- _Exercise aim_
Instruction for the data below: set down exactly the lines from the line with "i < 0 \<or> 0" to the line with "(\<lambda>X. cmp C", inclusive, and no others.

- _Input for this task_
text \<open>On the curves \<open>u \<mapsto> (\<theta>0 + r\<alpha>u, \<phi>0 + r(\<beta>u + \<kappa>u\<^sup>2))\<close>, \<open>\<kappa> \<in> {0, \<gamma>}\<close>, the eigenvalue \<open>i0\<close> is
  stationary at \<open>u = 0\<close>, and \<open>\<gamma>\<close> is chosen so that its second-order terms on the two curves are opposite.\<close>

lemma interior_band_if_critical_eigenvalue:
  fixes r i0 :: nat and \<theta>0 \<phi>0 \<alpha> \<beta> \<gamma> E :: real
  defines "x \<equiv> \<lambda>i. bloch_angle r \<theta>0 (i div r)" and "y \<equiv> \<lambda>i. bloch_angle r \<phi>0 (i mod r)"
  assumes r: "r \<ge> 2" and E: "E \<noteq> 0"
    and nondeg: "\<And>i. i < r*r \<Longrightarrow> sin (x i) = 0 \<Longrightarrow> sin (y i) = 0 \<Longrightarrow> 2 * (cos (x i) + cos (y i)) \<noteq> E"
    and i0: "i0 < r*r" "2 * (cos (x i0) + cos (y i0)) = E" "\<alpha> * sin (x i0) + \<beta> * sin (y i0) = 0"
    and \<alpha>: "\<alpha> \<noteq> 0"
    and \<gamma>: "\<gamma> * sin (y i0) = - (\<alpha>^2 * cos (x i0) + \<beta>^2 * cos (y i0))"
    and valid: "eventually (\<lambda>u. \<theta>0 + real r * (\<alpha>*u) \<in> {0..pi} \<and> (\<forall>\<kappa>\<in>{0,\<gamma>}.
                  \<phi>0 + real r * (\<beta>*u + \<kappa>*u^2) \<in> {0..pi})) (at_right 0)"
  shows "\<exists>j \<in> {1..r^2}. E \<in> interior (band r j)"
proof -
  define ev where "ev \<kappa> u i = bloch_eigenvalue r (\<theta>0 + real r * (\<alpha>*u)) (\<phi>0 + real r * (\<beta>*u + \<kappa>*u^2)) i - E"
    for \<kappa> u i
  define a0 where "a0 i = 2 * (cos (x i) + cos (y i)) - E" for i
  define a1 where "a1 i = - 2 * (\<alpha> * sin (x i) + \<beta> * sin (y i))" for i
  define a2 where "a2 \<kappa> i = - (\<alpha>^2 * cos (x i) + \<beta>^2 * cos (y i)) - 2 * \<kappa> * sin (y i)" for \<kappa> i
  have expansion: "has_second_order_expansion (\<lambda>u. ev \<kappa> u i) (a0 i) (a1 i) (a2 \<kappa> i)" for \<kappa> i
    unfolding ev_def a0_def a1_def a2_def x_def y_def using r
    by (intro has_second_order_expansion_bloch_eigenvalue) simp
  have curvature: "E * a2 0 i < 0" if "i < r*r" "a0 i = 0" "a1 i = 0" for i
  proof -
    have "(cos (x i) + cos (y i)) * (\<alpha>^2 * cos (x i) + \<beta>^2 * cos (y i)) > 0"
      using that nondeg[OF that(1)] E \<alpha> by (intro critical_curvature_pos) (auto simp: a0_def a1_def)
    moreover have "E = 2 * (cos (x i) + cos (y i))" using that(2) by (simp add: a0_def)
    ultimately show ?thesis by (simp add: a2_def mult_less_0_iff zero_less_mult_iff) linarith
  qed
  have flip: "a2 \<gamma> i0 = - a2 0 i0" using \<gamma> by (simp add: a2_def mult.assoc algebra_simps)
  have i0_crit: "a0 i0 = 0" "a1 i0 = 0" using i0 by (simp_all add: a0_def a1_def)
  \<comment> \<open>By \<open>curvature\<close>, on the curve \<open>\<kappa> = 0\<close> every critical eigenvalue moves from \<open>E\<close> towards \<open>0\<close>,
    so that curve plays the role of \<open>g\<close> or of \<open>h\<close> according to the sign of \<open>E\<close>.\<close>
  define \<kappa>g where "\<kappa>g = (if E > 0 then 0 else \<gamma>)"
  define \<kappa>h where "\<kappa>h = (if E > 0 then \<gamma> else 0)"
  have "eventually (\<lambda>u. card {i\<in>{..<r*r}. ev \<kappa>h u i \<le> 0} < card {i\<in>{..<r*r}. ev \<kappa>g u i < 0}) (at_right 0)"
  proof (rule eventually_card_le_less_card_less[OF _ _ expansion expansion])
    show "a2 \<kappa>g i < 0 \<or> 0 < a2 \<kappa>h i" if "i \<in> {..<r*r}" "a0 i = 0" "a1 i = 0" for i
      using curvature[of i] that E by (auto simp: \<kappa>g_def \<kappa>h_def mult_less_0_iff)
    show "a2 \<kappa>g i0 < 0" "0 < a2 \<kappa>h i0"
      using curvature[OF i0(1) i0_crit] flip E by (auto simp: \<kappa>g_def \<kappa>h_def mult_less_0_iff)
  qed (use i0 i0_crit in auto)
  with valid have "eventually (\<lambda>u. \<theta>0 + real r * (\<alpha>*u) \<in> {0..pi}
      \<and> \<phi>0 + real r * (\<beta>*u + \<kappa>h*u^2) \<in> {0..pi} \<and> \<phi>0 + real r * (\<beta>*u + \<kappa>g*u^2) \<in> {0..pi}
      \<and> card {i\<in>{..<r*r}. ev \<kappa>h u i \<le> 0} < card {i\<in>{..<r*r}. ev \<kappa>g u i < 0}) (at_right 0)"
    by eventually_elim (simp add: \<kappa>g_def \<kappa>h_def)
  from eventually_happens[OF this] obtain u where u: "\<theta>0 + real r * (\<alpha>*u) \<in> {0..pi}"
      "\<phi>0 + real r * (\<beta>*u + \<kappa>h*u^2) \<in> {0..pi}" "\<phi>0 + real r * (\<beta>*u + \<kappa>g*u^2) \<in> {0..pi}"
      "card {i\<in>{..<r*r}. ev \<kappa>h u i \<le> 0} < card {i\<in>{..<r*r}. ev \<kappa>g u i < 0}"
    using trivial_limit_at_right_real[of 0] by auto
  show ?thesis
    by (rule interior_band_if_card_less[OF r u(1,2) u(1,3)]) (use u(4) in \<open>simp add: ev_def\<close>)
qed
definition mon_comp :: "('o,'a) cocat \<Rightarrow> ('o \<Rightarrow> 'a) \<Rightarrow> ('o \<Rightarrow> 'a) \<Rightarrow> 'o \<Rightarrow> 'a" where
  "mon_comp C \<tau> \<sigma> = (\<lambda>X. cmp C (\<tau> X) (\<sigma> X))"

definition mor_eq :: "('o,'a) cocat \<Rightarrow> ('o \<Rightarrow> 'a) \<Rightarrow> ('o \<Rightarrow> 'a) \<Rightarrow> bool" where
  "mor_eq C \<sigma> \<tau> \<longleftrightarrow> (\<forall>X\<in>Ob C. \<sigma> X = \<tau> X)"

definition mon_endofunctor :: "('o,'a) cocat \<Rightarrow> (('o,'a) mnd \<Rightarrow> ('o,'a) mnd)
    \<Rightarrow> (('o \<Rightarrow> 'a) \<Rightarrow> ('o \<Rightarrow> 'a)) \<Rightarrow> bool" where
  "mon_endofunctor C F Fm \<longleftrightarrow>
     (\<forall>M. is_monad C M \<longrightarrow> is_monad C (F M)) \<and>
     (\<forall>M T \<sigma>. is_monad C M \<longrightarrow> is_monad C T \<longrightarrow> monad_mor C M T \<sigma> \<longrightarrow>
        monad_mor C (F M) (F T) (Fm \<sigma>)) \<and>
     (\<forall>M. is_monad C M \<longrightarrow> mor_eq C (Fm (mon_id C M)) (mon_id C (F M))) \<and>
     (\<forall>M T U \<sigma> \<tau>. is_monad C M \<longrightarrow> is_monad C T \<longrightarrow> is_monad C U \<longrightarrow>
        monad_mor C M T \<sigma> \<longrightarrow> monad_mor C T U \<tau> \<longrightarrow>
        mor_eq C (Fm (mon_comp C \<tau> \<sigma>)) (mon_comp C (Fm \<tau>) (Fm \<sigma>)))"

definition mon_comonad :: "('o,'a) cocat \<Rightarrow> (('o,'a) mnd \<Rightarrow> ('o,'a) mnd)
    \<Rightarrow> (('o \<Rightarrow> 'a) \<Rightarrow> ('o \<Rightarrow> 'a)) \<Rightarrow> (('o,'a) mnd \<Rightarrow> 'o \<Rightarrow> 'a) \<Rightarrow> (('o,'a) mnd \<Rightarrow> 'o \<Rightarrow> 'a) \<Rightarrow> bool" where
  "mon_comonad C F Fm \<epsilon> \<delta> \<longleftrightarrow>
     mon_endofunctor C F Fm \<and>
     (\<forall>M. is_monad C M \<longrightarrow> monad_mor C (F M) M (\<epsilon> M) \<and> monad_mor C (F M) (F (F M)) (\<delta> M)) \<and>
     (\<forall>M T \<sigma>. is_monad C M \<longrightarrow> is_monad C T \<longrightarrow> monad_mor C M T \<sigma> \<longrightarrow>
        mor_eq C (mon_comp C \<sigma> (\<epsilon> M)) (mon_comp C (\<epsilon> T) (Fm \<sigma>)) \<and>
        mor_eq C (mon_comp C (Fm (Fm \<sigma>)) (\<delta> M)) (mon_comp C (\<delta> T) (Fm \<sigma>))) \<and>
     (\<forall>M. is_monad C M \<longrightarrow>
        mor_eq C (mon_comp C (\<epsilon> (F M)) (\<delta> M)) (mon_id C (F M)) \<and>
        mor_eq C (mon_comp C (Fm (\<epsilon> M)) (\<delta> M)) (mon_id C (F M)) \<and>
        mor_eq C (mon_comp C (\<delta> (F M)) (\<delta> M)) (mon_comp C (Fm (\<delta> M)) (\<delta> M)))"

definition semifree :: "('o,'a) cocat \<Rightarrow> ('o,'a) mnd \<Rightarrow> ('o,'a) mnd" where
  "semifree C M =
     \<lparr> Mo = (\<lambda>X. cp C X (Mo M X)),
       Ma = (\<lambda>f. asum C f (Ma M f)),
       unit = (\<lambda>X. inl C X (Mo M X)),
       mult = (\<lambda>X. copair C (idt C (cp C X (Mo M X)))
                  (cmp C (inr C X (Mo M X))
                     (cmp C (mult M X) (Ma M (copair C (unit M X) (idt C (Mo M X))))))) \<rparr>"

definition semifree_mor :: "('o,'a) cocat \<Rightarrow> ('o \<Rightarrow> 'a) \<Rightarrow> 'o \<Rightarrow> 'a" where
  "semifree_mor C \<sigma> = (\<lambda>X. asum C (idt C X) (\<sigma> X))"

- _Task result_
    show "a2 \<kappa>g i < 0 \<or> 0 < a2 \<kappa>h i" if "i \<in> {..<r*r}" "a0 i = 0" "a1 i = 0" for i
      using curvature[of i] that E by (auto simp: \<kappa>g_def \<kappa>h_def mult_less_0_iff)
    show "a2 \<kappa>g i0 < 0" "0 < a2 \<kappa>h i0"
      using curvature[OF i0(1) i0_crit] flip E by (auto simp: \<kappa>g_def \<kappa>h_def mult_less_0_iff)
  qed (use i0 i0_crit in auto)
  with valid have "eventually (\<lambda>u. \<theta>0 + real r * (\<alpha>*u) \<in> {0..pi}
      \<and> \<phi>0 + real r * (\<beta>*u + \<kappa>h*u^2) \<in> {0..pi} \<and> \<phi>0 + real r * (\<beta>*u + \<kappa>g*u^2) \<in> {0..pi}
      \<and> card {i\<in>{..<r*r}. ev \<kappa>h u i \<le> 0} < card {i\<in>{..<r*r}. ev \<kappa>g u i < 0}) (at_right 0)"
    by eventually_elim (simp add: \<kappa>g_def \<kappa>h_def)
  from eventually_happens[OF this] obtain u where u: "\<theta>0 + real r * (\<alpha>*u) \<in> {0..pi}"
      "\<phi>0 + real r * (\<beta>*u + \<kappa>h*u^2) \<in> {0..pi}" "\<phi>0 + real r * (\<beta>*u + \<kappa>g*u^2) \<in> {0..pi}"
      "card {i\<in>{..<r*r}. ev \<kappa>h u i \<le> 0} < card {i\<in>{..<r*r}. ev \<kappa>g u i < 0}"
    using trivial_limit_at_right_real[of 0] by auto
  show ?thesis
    by (rule interior_band_if_card_less[OF r u(1,2) u(1,3)]) (use u(4) in \<open>simp add: ev_def\<close>)
qed
definition mon_comp :: "('o,'a) cocat \<Rightarrow> ('o \<Rightarrow> 'a) \<Rightarrow> ('o \<Rightarrow> 'a) \<Rightarrow> 'o \<Rightarrow> 'a" where
  "mon_comp C \<tau> \<sigma> = (\<lambda>X. cmp C (\<tau> X) (\<sigma> X))"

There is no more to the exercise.